Work instruction: From the entries that follow, copy every line with the word "applied".

Input:
_ _ _ _
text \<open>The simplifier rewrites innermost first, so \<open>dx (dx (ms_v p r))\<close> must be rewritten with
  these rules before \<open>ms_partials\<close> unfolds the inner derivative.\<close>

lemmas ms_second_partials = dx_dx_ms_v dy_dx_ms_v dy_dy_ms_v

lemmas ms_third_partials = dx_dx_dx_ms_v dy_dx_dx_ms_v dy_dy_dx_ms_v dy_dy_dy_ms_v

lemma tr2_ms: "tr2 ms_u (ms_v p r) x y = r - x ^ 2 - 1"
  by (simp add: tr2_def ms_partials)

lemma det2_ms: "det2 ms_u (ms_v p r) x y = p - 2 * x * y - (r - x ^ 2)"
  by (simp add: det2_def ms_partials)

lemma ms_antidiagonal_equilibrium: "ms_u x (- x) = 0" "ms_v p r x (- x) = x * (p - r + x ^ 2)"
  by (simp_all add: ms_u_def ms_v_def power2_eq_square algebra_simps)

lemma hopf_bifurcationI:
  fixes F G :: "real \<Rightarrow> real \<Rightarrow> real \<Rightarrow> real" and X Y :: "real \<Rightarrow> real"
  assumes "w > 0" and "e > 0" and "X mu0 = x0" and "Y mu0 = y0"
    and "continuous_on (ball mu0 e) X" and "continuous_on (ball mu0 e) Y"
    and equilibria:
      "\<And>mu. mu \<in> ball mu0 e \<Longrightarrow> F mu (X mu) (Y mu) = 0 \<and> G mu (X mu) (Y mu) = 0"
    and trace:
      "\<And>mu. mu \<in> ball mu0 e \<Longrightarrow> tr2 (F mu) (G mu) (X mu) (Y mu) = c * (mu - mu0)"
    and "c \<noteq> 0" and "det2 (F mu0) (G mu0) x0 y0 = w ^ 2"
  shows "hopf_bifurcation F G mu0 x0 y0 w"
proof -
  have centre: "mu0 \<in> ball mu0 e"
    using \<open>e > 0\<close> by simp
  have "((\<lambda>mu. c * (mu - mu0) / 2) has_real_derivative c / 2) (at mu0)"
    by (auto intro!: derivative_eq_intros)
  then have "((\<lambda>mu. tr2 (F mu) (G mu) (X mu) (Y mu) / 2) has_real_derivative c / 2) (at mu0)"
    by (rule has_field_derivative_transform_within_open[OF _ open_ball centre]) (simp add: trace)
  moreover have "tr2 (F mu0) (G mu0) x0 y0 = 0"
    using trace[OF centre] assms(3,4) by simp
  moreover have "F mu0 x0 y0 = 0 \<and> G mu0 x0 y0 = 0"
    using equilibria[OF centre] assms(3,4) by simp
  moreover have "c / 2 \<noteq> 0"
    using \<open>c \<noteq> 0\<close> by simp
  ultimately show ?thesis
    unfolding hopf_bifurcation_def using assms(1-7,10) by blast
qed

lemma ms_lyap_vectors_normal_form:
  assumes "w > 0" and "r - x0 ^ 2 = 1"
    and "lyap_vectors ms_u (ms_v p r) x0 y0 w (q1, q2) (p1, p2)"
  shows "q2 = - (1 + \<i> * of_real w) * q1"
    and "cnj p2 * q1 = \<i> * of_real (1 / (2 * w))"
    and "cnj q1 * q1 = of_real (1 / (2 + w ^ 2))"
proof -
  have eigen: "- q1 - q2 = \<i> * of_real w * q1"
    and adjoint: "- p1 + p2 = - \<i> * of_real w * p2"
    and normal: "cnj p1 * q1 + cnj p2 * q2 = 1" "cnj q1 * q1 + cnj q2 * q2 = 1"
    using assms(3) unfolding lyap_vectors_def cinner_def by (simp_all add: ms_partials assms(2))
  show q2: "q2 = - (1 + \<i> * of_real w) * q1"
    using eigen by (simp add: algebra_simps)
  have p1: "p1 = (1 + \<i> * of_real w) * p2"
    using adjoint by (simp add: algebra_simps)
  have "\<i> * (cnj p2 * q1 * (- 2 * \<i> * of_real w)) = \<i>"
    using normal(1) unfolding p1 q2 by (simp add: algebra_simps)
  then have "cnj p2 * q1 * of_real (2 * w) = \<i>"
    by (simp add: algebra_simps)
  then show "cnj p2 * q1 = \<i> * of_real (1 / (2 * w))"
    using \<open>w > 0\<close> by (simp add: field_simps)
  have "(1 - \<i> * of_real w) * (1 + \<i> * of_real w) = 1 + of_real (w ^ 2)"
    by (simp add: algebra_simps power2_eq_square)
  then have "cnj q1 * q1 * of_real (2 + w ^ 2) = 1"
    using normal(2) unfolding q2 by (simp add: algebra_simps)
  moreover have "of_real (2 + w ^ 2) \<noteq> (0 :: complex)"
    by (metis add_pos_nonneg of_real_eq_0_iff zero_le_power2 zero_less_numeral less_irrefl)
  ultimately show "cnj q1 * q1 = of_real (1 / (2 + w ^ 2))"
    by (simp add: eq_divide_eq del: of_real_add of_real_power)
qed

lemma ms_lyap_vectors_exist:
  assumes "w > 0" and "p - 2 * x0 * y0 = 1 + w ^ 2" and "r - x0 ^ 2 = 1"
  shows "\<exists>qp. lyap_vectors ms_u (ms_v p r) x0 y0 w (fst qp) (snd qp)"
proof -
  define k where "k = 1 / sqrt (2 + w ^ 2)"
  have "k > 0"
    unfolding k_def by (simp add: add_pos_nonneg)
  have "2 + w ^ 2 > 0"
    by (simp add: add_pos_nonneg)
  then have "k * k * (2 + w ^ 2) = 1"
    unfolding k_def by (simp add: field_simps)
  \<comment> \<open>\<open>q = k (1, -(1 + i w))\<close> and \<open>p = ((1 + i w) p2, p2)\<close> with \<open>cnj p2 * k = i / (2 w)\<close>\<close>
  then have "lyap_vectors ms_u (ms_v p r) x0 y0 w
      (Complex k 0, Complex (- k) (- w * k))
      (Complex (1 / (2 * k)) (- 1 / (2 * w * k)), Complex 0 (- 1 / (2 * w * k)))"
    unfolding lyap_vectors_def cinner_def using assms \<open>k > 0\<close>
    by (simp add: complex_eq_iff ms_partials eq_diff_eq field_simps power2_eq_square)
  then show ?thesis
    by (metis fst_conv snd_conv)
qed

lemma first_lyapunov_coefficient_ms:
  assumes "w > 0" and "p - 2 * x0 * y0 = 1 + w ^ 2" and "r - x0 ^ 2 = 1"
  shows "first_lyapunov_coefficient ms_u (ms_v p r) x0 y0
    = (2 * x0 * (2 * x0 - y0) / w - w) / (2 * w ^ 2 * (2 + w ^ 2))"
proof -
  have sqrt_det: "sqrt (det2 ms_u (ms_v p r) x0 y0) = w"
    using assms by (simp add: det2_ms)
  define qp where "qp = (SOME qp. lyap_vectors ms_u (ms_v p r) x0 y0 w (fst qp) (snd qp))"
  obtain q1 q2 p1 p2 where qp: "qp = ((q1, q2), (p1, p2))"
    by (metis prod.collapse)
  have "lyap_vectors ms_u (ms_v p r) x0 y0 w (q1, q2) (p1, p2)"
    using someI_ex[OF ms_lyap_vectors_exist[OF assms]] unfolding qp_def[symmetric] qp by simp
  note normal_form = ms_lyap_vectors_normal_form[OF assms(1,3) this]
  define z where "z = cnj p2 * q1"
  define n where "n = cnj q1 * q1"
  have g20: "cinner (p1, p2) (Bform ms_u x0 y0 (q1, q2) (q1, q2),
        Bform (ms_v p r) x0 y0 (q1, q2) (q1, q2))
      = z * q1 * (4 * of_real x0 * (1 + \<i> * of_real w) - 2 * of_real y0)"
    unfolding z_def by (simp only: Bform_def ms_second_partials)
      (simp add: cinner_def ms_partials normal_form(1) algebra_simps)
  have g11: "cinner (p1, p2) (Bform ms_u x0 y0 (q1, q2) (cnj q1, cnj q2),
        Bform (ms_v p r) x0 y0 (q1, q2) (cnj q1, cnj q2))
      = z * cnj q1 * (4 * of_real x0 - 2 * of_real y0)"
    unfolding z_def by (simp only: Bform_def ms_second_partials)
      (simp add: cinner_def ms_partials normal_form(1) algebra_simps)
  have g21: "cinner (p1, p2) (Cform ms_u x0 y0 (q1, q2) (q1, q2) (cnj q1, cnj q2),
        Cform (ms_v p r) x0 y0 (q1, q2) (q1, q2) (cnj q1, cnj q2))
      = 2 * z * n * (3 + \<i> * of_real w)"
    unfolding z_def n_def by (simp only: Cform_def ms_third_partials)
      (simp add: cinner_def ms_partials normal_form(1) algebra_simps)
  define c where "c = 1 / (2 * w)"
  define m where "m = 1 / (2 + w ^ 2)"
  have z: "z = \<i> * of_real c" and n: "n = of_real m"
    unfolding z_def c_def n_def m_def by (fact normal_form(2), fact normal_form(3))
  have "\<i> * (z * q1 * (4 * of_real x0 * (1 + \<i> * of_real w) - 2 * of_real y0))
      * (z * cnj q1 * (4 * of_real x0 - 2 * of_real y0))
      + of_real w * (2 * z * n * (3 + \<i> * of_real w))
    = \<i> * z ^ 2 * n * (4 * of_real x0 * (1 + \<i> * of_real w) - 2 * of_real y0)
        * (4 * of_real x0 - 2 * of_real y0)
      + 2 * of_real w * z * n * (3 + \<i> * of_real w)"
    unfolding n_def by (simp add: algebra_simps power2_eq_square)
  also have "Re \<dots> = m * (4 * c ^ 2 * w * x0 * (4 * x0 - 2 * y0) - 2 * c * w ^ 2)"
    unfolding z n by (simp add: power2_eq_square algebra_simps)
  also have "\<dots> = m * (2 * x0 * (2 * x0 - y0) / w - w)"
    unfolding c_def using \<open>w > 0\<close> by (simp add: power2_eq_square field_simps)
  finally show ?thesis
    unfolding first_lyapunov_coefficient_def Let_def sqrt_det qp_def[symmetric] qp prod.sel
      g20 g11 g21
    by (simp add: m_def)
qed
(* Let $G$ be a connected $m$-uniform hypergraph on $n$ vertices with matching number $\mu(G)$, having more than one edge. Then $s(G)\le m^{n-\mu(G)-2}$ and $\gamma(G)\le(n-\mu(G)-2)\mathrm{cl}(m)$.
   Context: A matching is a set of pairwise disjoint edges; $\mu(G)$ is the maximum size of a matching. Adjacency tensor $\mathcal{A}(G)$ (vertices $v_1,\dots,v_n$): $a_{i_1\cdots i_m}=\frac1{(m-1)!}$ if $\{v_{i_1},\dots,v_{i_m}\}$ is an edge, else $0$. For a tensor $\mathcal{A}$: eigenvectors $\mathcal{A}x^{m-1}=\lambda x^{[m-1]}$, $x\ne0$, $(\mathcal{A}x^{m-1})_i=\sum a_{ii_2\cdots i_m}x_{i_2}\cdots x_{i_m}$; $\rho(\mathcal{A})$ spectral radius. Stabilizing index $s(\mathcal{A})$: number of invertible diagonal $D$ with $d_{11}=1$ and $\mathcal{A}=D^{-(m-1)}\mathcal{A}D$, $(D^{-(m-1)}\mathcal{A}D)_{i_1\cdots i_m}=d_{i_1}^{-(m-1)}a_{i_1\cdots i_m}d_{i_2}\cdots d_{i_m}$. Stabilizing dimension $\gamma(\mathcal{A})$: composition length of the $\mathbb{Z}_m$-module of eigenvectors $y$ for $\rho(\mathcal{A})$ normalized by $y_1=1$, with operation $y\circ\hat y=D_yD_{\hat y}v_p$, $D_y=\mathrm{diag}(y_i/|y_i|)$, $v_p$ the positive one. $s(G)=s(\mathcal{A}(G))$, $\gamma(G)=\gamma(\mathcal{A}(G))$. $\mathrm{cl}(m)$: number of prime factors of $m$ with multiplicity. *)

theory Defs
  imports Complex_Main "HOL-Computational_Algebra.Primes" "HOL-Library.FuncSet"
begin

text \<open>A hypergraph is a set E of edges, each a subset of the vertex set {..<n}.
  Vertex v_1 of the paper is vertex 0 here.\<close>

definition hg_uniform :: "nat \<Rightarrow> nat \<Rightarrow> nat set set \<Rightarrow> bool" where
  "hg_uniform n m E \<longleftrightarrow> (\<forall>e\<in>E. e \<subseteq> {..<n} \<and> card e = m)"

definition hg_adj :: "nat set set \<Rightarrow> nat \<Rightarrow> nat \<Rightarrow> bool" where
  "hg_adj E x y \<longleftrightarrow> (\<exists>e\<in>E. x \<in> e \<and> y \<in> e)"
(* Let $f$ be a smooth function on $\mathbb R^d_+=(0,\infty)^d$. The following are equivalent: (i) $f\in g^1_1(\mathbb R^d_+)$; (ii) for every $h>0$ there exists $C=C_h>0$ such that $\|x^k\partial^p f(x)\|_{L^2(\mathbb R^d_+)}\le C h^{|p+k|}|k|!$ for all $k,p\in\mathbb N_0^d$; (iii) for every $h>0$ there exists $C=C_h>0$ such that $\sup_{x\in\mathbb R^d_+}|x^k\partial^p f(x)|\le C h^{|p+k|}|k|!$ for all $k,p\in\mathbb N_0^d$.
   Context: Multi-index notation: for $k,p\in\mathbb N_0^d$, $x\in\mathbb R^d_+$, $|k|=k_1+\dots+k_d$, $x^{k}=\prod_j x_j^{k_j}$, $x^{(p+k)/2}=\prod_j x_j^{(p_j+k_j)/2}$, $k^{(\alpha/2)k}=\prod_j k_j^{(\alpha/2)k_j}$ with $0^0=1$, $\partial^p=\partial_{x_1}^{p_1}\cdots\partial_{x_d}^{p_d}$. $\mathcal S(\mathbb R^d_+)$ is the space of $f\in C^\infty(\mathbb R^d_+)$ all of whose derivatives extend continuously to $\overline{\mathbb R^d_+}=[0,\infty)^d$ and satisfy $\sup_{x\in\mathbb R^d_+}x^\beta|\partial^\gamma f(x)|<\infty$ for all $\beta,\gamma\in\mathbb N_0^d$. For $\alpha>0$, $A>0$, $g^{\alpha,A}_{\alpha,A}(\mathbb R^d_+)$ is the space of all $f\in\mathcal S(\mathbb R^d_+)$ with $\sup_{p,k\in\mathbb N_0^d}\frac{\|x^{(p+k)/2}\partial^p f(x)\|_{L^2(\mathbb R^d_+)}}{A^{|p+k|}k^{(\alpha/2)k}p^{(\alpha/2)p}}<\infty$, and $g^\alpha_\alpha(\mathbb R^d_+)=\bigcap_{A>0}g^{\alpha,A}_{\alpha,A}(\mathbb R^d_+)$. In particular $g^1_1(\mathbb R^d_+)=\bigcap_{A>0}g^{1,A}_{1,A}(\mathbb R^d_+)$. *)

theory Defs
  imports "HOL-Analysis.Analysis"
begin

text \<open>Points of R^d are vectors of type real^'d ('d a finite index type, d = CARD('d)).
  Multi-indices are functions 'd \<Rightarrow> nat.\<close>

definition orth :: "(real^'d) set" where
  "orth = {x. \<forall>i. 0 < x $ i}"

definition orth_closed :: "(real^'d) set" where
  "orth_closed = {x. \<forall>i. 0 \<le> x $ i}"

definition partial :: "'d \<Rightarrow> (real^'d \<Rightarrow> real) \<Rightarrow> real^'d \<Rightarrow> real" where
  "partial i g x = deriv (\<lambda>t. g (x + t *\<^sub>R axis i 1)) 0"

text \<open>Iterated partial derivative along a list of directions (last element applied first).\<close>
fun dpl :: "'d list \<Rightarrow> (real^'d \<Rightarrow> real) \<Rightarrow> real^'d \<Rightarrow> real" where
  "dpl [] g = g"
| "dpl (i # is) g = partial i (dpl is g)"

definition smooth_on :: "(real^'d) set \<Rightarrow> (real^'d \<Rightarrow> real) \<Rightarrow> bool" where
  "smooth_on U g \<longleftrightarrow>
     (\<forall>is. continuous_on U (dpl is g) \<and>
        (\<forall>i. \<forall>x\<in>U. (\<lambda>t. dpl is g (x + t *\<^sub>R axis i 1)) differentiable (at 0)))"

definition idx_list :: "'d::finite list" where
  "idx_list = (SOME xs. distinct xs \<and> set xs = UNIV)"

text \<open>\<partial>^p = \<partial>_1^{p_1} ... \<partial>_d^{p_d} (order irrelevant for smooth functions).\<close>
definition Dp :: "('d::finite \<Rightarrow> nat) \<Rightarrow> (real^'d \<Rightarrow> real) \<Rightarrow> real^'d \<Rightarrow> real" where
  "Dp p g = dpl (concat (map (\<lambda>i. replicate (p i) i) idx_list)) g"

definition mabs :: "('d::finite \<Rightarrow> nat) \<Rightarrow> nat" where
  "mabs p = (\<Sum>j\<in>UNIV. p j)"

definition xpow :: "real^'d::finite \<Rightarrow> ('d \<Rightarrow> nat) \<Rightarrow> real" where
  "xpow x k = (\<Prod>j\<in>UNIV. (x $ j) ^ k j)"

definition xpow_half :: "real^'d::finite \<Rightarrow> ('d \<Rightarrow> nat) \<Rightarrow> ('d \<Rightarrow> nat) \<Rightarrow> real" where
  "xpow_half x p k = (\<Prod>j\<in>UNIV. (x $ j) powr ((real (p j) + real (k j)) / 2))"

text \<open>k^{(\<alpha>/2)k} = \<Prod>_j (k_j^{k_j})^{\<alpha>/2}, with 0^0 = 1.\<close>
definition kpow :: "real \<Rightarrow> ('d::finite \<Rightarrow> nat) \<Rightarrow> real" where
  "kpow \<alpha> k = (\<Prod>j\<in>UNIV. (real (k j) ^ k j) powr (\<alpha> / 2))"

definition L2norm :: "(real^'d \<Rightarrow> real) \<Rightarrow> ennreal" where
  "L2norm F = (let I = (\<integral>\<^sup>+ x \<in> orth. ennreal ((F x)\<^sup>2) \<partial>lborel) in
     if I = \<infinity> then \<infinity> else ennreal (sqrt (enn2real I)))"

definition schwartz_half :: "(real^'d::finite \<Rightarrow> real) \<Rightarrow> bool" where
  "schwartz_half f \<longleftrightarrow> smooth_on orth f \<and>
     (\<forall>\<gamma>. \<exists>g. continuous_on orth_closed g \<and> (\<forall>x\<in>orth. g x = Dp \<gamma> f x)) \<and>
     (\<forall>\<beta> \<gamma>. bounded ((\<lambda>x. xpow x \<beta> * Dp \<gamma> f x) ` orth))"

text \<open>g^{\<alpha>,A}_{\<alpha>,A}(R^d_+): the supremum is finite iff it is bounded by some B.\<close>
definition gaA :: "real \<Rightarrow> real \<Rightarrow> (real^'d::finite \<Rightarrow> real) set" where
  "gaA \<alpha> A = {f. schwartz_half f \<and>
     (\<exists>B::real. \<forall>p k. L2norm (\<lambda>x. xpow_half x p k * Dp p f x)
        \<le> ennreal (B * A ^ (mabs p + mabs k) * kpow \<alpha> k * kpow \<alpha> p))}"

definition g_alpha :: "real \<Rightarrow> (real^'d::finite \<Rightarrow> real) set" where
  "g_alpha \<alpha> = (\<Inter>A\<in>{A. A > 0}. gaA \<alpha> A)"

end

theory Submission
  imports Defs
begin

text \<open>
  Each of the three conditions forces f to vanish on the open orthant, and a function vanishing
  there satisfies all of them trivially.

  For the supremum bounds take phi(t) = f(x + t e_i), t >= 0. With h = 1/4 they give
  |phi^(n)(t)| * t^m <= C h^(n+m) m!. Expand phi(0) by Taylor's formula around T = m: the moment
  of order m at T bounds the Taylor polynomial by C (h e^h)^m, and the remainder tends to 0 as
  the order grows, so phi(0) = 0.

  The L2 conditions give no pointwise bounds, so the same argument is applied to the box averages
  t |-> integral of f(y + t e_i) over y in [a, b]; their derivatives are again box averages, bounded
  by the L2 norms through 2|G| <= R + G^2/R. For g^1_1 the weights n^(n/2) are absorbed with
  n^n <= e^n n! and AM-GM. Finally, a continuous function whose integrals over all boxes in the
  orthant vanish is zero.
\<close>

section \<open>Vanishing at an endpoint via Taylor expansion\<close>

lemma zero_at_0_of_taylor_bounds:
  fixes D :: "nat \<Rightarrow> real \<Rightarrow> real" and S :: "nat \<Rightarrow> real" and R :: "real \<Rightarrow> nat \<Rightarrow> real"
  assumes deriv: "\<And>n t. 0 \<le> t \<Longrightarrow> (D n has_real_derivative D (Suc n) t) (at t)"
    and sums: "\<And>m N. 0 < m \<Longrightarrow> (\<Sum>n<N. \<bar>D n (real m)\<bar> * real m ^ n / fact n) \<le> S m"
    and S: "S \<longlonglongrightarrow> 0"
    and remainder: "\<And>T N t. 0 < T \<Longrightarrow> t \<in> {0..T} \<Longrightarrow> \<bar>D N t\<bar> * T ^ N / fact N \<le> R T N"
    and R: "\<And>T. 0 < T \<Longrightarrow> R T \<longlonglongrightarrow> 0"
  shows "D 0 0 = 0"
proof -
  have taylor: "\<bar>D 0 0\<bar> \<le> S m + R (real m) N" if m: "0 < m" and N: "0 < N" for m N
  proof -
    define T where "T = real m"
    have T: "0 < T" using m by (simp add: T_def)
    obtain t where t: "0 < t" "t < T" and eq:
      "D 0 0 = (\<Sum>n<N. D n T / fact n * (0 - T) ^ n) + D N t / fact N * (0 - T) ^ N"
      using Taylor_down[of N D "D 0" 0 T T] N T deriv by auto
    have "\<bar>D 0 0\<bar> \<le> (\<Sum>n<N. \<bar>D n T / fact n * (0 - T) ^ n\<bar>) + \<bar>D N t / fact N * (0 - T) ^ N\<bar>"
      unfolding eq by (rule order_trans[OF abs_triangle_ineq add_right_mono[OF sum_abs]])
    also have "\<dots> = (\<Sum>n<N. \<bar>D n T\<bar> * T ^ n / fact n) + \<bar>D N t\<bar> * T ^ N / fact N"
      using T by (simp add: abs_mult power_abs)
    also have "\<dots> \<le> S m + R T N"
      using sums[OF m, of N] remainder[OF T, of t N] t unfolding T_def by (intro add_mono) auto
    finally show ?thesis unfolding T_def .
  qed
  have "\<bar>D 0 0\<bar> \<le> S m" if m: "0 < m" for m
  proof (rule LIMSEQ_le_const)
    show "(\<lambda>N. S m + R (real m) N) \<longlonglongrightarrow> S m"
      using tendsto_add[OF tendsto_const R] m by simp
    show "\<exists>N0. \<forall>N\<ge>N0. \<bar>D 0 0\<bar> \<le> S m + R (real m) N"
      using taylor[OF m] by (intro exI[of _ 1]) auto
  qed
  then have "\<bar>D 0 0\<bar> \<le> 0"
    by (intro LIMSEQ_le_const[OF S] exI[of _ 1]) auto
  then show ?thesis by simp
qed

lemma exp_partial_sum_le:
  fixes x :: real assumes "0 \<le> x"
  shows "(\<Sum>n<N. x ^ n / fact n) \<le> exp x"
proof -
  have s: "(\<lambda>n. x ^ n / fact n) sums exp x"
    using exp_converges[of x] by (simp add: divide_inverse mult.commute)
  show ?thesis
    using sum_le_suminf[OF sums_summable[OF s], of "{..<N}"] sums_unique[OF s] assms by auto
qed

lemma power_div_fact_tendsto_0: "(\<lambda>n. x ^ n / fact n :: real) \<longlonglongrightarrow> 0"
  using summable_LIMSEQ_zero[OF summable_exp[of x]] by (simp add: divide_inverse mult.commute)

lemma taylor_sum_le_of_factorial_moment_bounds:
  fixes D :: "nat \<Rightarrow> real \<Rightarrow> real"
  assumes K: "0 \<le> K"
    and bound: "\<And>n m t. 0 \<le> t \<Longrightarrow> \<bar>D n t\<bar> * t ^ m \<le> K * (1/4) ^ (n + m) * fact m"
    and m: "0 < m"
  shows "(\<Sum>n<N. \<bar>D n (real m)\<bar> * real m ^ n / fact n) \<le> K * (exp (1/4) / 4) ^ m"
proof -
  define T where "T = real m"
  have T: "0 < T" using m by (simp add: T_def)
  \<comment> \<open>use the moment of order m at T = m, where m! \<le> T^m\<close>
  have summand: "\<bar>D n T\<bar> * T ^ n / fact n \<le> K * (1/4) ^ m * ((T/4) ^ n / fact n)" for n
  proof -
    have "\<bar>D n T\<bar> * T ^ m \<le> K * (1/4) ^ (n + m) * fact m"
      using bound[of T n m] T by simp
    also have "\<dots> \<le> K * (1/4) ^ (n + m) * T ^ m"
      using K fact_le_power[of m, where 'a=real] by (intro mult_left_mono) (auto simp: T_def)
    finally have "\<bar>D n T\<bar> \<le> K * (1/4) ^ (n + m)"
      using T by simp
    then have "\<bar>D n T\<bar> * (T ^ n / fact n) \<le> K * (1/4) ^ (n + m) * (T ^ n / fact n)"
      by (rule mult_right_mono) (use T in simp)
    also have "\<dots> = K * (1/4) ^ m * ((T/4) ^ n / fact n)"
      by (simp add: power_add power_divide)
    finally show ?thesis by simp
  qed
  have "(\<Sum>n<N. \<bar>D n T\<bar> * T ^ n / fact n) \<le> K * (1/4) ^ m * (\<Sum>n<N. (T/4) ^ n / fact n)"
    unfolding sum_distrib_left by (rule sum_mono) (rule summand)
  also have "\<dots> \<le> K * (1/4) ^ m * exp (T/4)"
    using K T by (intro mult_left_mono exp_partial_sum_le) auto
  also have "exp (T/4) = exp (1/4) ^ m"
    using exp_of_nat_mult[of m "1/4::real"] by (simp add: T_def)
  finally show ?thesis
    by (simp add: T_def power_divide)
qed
_ _ _ _
Expected output:
text \<open>Iterated partial derivative along a list of directions (last element applied first).\<close>
  The L2 conditions give no pointwise bounds, so the same argument is applied to the box averages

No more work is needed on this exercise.